Exercise data below:

(* $\mathrm{UF}_1^=$ and $\mathrm{FOC}^2$ are incomparable in expressivity: neither $\mathrm{UF}_1^=\leq\mathrm{FOC}^2$ nor $\mathrm{FOC}^2\leq\mathrm{UF}_1^=$ holds.
   Context: Vocabularies are relational (relation symbols of positive finite arities, no constants or function symbols). A $k$-ary $\tau$-atom is an atomic formula (a relational atom $R(z_1,\dots,z_m)$ with $R\in\tau$, or an equality $z=z'$) having exactly $k$ distinct free variables. For a finite set $V$ of variables, a $V$-uniform set is a finite set of relational (non-equality) $\tau$-atoms $R(z_1,\dots,z_m)$ with $\{z_1,\dots,z_m\}=V$. The set $\mathrm{UF}_1^=(\tau)$ is the smallest set $\mathcal F$ such that: (1) every unary $\tau$-atom, and $\bot,\top$, are in $\mathcal F$; (2) every equality $x=y$ is in $\mathcal F$; (3) $\mathcal F$ is closed under $\neg$ and $\wedge$; (4) if $X=\{x_0,\dots,x_k\}$ is a finite set of variables, $U$ a finite set of formulas of $\mathcal F$ with free variables in $X$, $V\subseteq X$, $F$ a $V$-uniform set of $\tau$-atoms, and $\varphi$ a Boolean combination of formulas in $U\cup F$, then $\exists x_1\dots\exists x_k\,\varphi\in\mathcal F$ and $\exists x_0\dots\exists x_k\,\varphi\in\mathcal F$. $\mathrm{UF}_1^=$ is the union of $\mathrm{UF}_1^=(\tau)$ over all vocabularies; $\forall$ and other connectives are abbreviations. $\mathrm{FOC}^2$ is the two-variable fragment of first-order logic with equality extended by counting quantifiers $\exists^{\geq k}$ ($k$ a positive integer): formulas built using only two variable symbols. For fragments $\mathcal L,\mathcal L'$ of first-order logic, $\mathcal L\leq\mathcal L'$ means that every sentence of $\mathcal L$ is equivalent to some sentence of $\mathcal L'$. *)

theory Defs
  imports Main
begin

text \<open>A relation symbol is a pair (name, arity);
  a vocabulary is a set of relation symbols of positive arity.
  ExGe k x phi is the counting quantifier "there exist at least k elements x with phi";
  the ordinary existential quantifier is ExGe 1.\<close>

type_synonym rsym = "nat \<times> nat"

datatype fm =
    Bot
  | Top
  | Rel rsym "nat list"
  | Eq nat nat
  | Neg fm
  | Conj fm fm
  | ExGe nat nat fm

abbreviation Ex1q :: "nat \<Rightarrow> fm \<Rightarrow> fm" where
  "Ex1q x \<phi> \<equiv> ExGe 1 x \<phi>"

definition exs :: "nat list \<Rightarrow> fm \<Rightarrow> fm" where
  "exs xs \<phi> = foldr Ex1q xs \<phi>"

fun fv :: "fm \<Rightarrow> nat set" where
  "fv Bot = {}"
| "fv Top = {}"
| "fv (Rel R zs) = set zs"
| "fv (Eq x y) = {x, y}"
| "fv (Neg \<phi>) = fv \<phi>"
| "fv (Conj \<phi> \<psi>) = fv \<phi> \<union> fv \<psi>"
| "fv (ExGe k x \<phi>) = fv \<phi> - {x}"

fun vars :: "fm \<Rightarrow> nat set" where
  "vars Bot = {}"
| "vars Top = {}"
| "vars (Rel R zs) = set zs"
| "vars (Eq x y) = {x, y}"
| "vars (Neg \<phi>) = vars \<phi>"
| "vars (Conj \<phi> \<psi>) = vars \<phi> \<union> vars \<psi>"
| "vars (ExGe k x \<phi>) = insert x (vars \<phi>)"
lemma Icc_subset_Jset: "{-l/2..l/2} \<subseteq> Jset cl l"
  by (auto simp: Jset_def)

lemma closure_interior_Jset: "0 < l \<Longrightarrow> closure (interior (Jset cl l)) = Jset cl l"
  by (simp add: Jset_def)

lemma affine_reparam_in_Jset:
  "\<sigma> = 1 \<or> \<sigma> = -1 \<Longrightarrow> (\<not> cl \<longrightarrow> a = 0) \<Longrightarrow> s \<in> Jset cl l \<Longrightarrow> \<sigma> * s + a \<in> Jset cl l"
  by (auto simp: Jset_def)

lemma Jset_periodic_representative:
  assumes l: "0 < l" and s: "s \<in> Jset cl l" and per: "cl \<Longrightarrow> \<forall>t. f (t + l) = f t"
  shows "\<exists>u\<in>{-l/2..l/2}. f u = f s"
proof (cases cl)
  case True
  define k where "k = \<lfloor>(s + l/2) / l\<rfloor>"
  have "of_int k \<le> (s + l/2) / l" "(s + l/2) / l < of_int k + 1"
    unfolding k_def by linarith+
  then have "s - of_int k * l \<in> {-l/2..l/2}"
    using l by (auto simp: field_simps)
  moreover have "f (s + of_int (-k) * l) = f s"
    using periodic_shift_int per True by blast
  ultimately show ?thesis by (intro bexI[of _ "s - of_int k * l"]) auto
qed (use s in \<open>auto simp: Jset_def\<close>)

lemma Jset_uniform_lower_bound:
  fixes q :: "real \<Rightarrow> real"
  assumes "0 < l" "continuous_on (Jset cl l) q" "\<And>s. s \<in> Jset cl l \<Longrightarrow> 0 < q s"
    and "cl \<Longrightarrow> \<forall>t. q (t + l) = q t"
  shows "\<exists>\<delta>>0. \<forall>s\<in>Jset cl l. \<delta> \<le> q s"
proof -
  obtain \<delta> where "\<delta> > 0" "\<forall>u\<in>{-l/2..l/2}. \<delta> \<le> q u"
    using compact_pos_lower_bound[OF compact_Icc continuous_on_subset[OF assms(2) Icc_subset_Jset]]
      assms(3) Icc_subset_Jset by blast
  then show ?thesis
    using Jset_periodic_representative[OF assms(1) _ assms(4)] by metis
qed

End of Exercise data.

What to produce:
Restate the data exactly, keeping every line intact.

Response area:
(* $\mathrm{UF}_1^=$ and $\mathrm{FOC}^2$ are incomparable in expressivity: neither $\mathrm{UF}_1^=\leq\mathrm{FOC}^2$ nor $\mathrm{FOC}^2\leq\mathrm{UF}_1^=$ holds.
   Context: Vocabularies are relational (relation symbols of positive finite arities, no constants or function symbols). A $k$-ary $\tau$-atom is an atomic formula (a relational atom $R(z_1,\dots,z_m)$ with $R\in\tau$, or an equality $z=z'$) having exactly $k$ distinct free variables. For a finite set $V$ of variables, a $V$-uniform set is a finite set of relational (non-equality) $\tau$-atoms $R(z_1,\dots,z_m)$ with $\{z_1,\dots,z_m\}=V$. The set $\mathrm{UF}_1^=(\tau)$ is the smallest set $\mathcal F$ such that: (1) every unary $\tau$-atom, and $\bot,\top$, are in $\mathcal F$; (2) every equality $x=y$ is in $\mathcal F$; (3) $\mathcal F$ is closed under $\neg$ and $\wedge$; (4) if $X=\{x_0,\dots,x_k\}$ is a finite set of variables, $U$ a finite set of formulas of $\mathcal F$ with free variables in $X$, $V\subseteq X$, $F$ a $V$-uniform set of $\tau$-atoms, and $\varphi$ a Boolean combination of formulas in $U\cup F$, then $\exists x_1\dots\exists x_k\,\varphi\in\mathcal F$ and $\exists x_0\dots\exists x_k\,\varphi\in\mathcal F$. $\mathrm{UF}_1^=$ is the union of $\mathrm{UF}_1^=(\tau)$ over all vocabularies; $\forall$ and other connectives are abbreviations. $\mathrm{FOC}^2$ is the two-variable fragment of first-order logic with equality extended by counting quantifiers $\exists^{\geq k}$ ($k$ a positive integer): formulas built using only two variable symbols. For fragments $\mathcal L,\mathcal L'$ of first-order logic, $\mathcal L\leq\mathcal L'$ means that every sentence of $\mathcal L$ is equivalent to some sentence of $\mathcal L'$. *)

theory Defs
  imports Main
begin

text \<open>A relation symbol is a pair (name, arity);
  a vocabulary is a set of relation symbols of positive arity.
  ExGe k x phi is the counting quantifier "there exist at least k elements x with phi";
  the ordinary existential quantifier is ExGe 1.\<close>

type_synonym rsym = "nat \<times> nat"

datatype fm =
    Bot
  | Top
  | Rel rsym "nat list"
  | Eq nat nat
  | Neg fm
  | Conj fm fm
  | ExGe nat nat fm

abbreviation Ex1q :: "nat \<Rightarrow> fm \<Rightarrow> fm" where
  "Ex1q x \<phi> \<equiv> ExGe 1 x \<phi>"

definition exs :: "nat list \<Rightarrow> fm \<Rightarrow> fm" where
  "exs xs \<phi> = foldr Ex1q xs \<phi>"

fun fv :: "fm \<Rightarrow> nat set" where
  "fv Bot = {}"
| "fv Top = {}"
| "fv (Rel R zs) = set zs"
| "fv (Eq x y) = {x, y}"
| "fv (Neg \<phi>) = fv \<phi>"
| "fv (Conj \<phi> \<psi>) = fv \<phi> \<union> fv \<psi>"
| "fv (ExGe k x \<phi>) = fv \<phi> - {x}"

fun vars :: "fm \<Rightarrow> nat set" where
  "vars Bot = {}"
| "vars Top = {}"
| "vars (Rel R zs) = set zs"
| "vars (Eq x y) = {x, y}"
| "vars (Neg \<phi>) = vars \<phi>"
| "vars (Conj \<phi> \<psi>) = vars \<phi> \<union> vars \<psi>"
| "vars (ExGe k x \<phi>) = insert x (vars \<phi>)"
lemma Icc_subset_Jset: "{-l/2..l/2} \<subseteq> Jset cl l"
  by (auto simp: Jset_def)

lemma closure_interior_Jset: "0 < l \<Longrightarrow> closure (interior (Jset cl l)) = Jset cl l"
  by (simp add: Jset_def)

lemma affine_reparam_in_Jset:
  "\<sigma> = 1 \<or> \<sigma> = -1 \<Longrightarrow> (\<not> cl \<longrightarrow> a = 0) \<Longrightarrow> s \<in> Jset cl l \<Longrightarrow> \<sigma> * s + a \<in> Jset cl l"
  by (auto simp: Jset_def)

lemma Jset_periodic_representative:
  assumes l: "0 < l" and s: "s \<in> Jset cl l" and per: "cl \<Longrightarrow> \<forall>t. f (t + l) = f t"
  shows "\<exists>u\<in>{-l/2..l/2}. f u = f s"
proof (cases cl)
  case True
  define k where "k = \<lfloor>(s + l/2) / l\<rfloor>"
  have "of_int k \<le> (s + l/2) / l" "(s + l/2) / l < of_int k + 1"
    unfolding k_def by linarith+
  then have "s - of_int k * l \<in> {-l/2..l/2}"
    using l by (auto simp: field_simps)
  moreover have "f (s + of_int (-k) * l) = f s"
    using periodic_shift_int per True by blast
  ultimately show ?thesis by (intro bexI[of _ "s - of_int k * l"]) auto
qed (use s in \<open>auto simp: Jset_def\<close>)

lemma Jset_uniform_lower_bound:
  fixes q :: "real \<Rightarrow> real"
  assumes "0 < l" "continuous_on (Jset cl l) q" "\<And>s. s \<in> Jset cl l \<Longrightarrow> 0 < q s"
    and "cl \<Longrightarrow> \<forall>t. q (t + l) = q t"
  shows "\<exists>\<delta>>0. \<forall>s\<in>Jset cl l. \<delta> \<le> q s"
proof -
  obtain \<delta> where "\<delta> > 0" "\<forall>u\<in>{-l/2..l/2}. \<delta> \<le> q u"
    using compact_pos_lower_bound[OF compact_Icc continuous_on_subset[OF assms(2) Icc_subset_Jset]]
      assms(3) Icc_subset_Jset by blast
  then show ?thesis
    using Jset_periodic_representative[OF assms(1) _ assms(4)] by metis
qed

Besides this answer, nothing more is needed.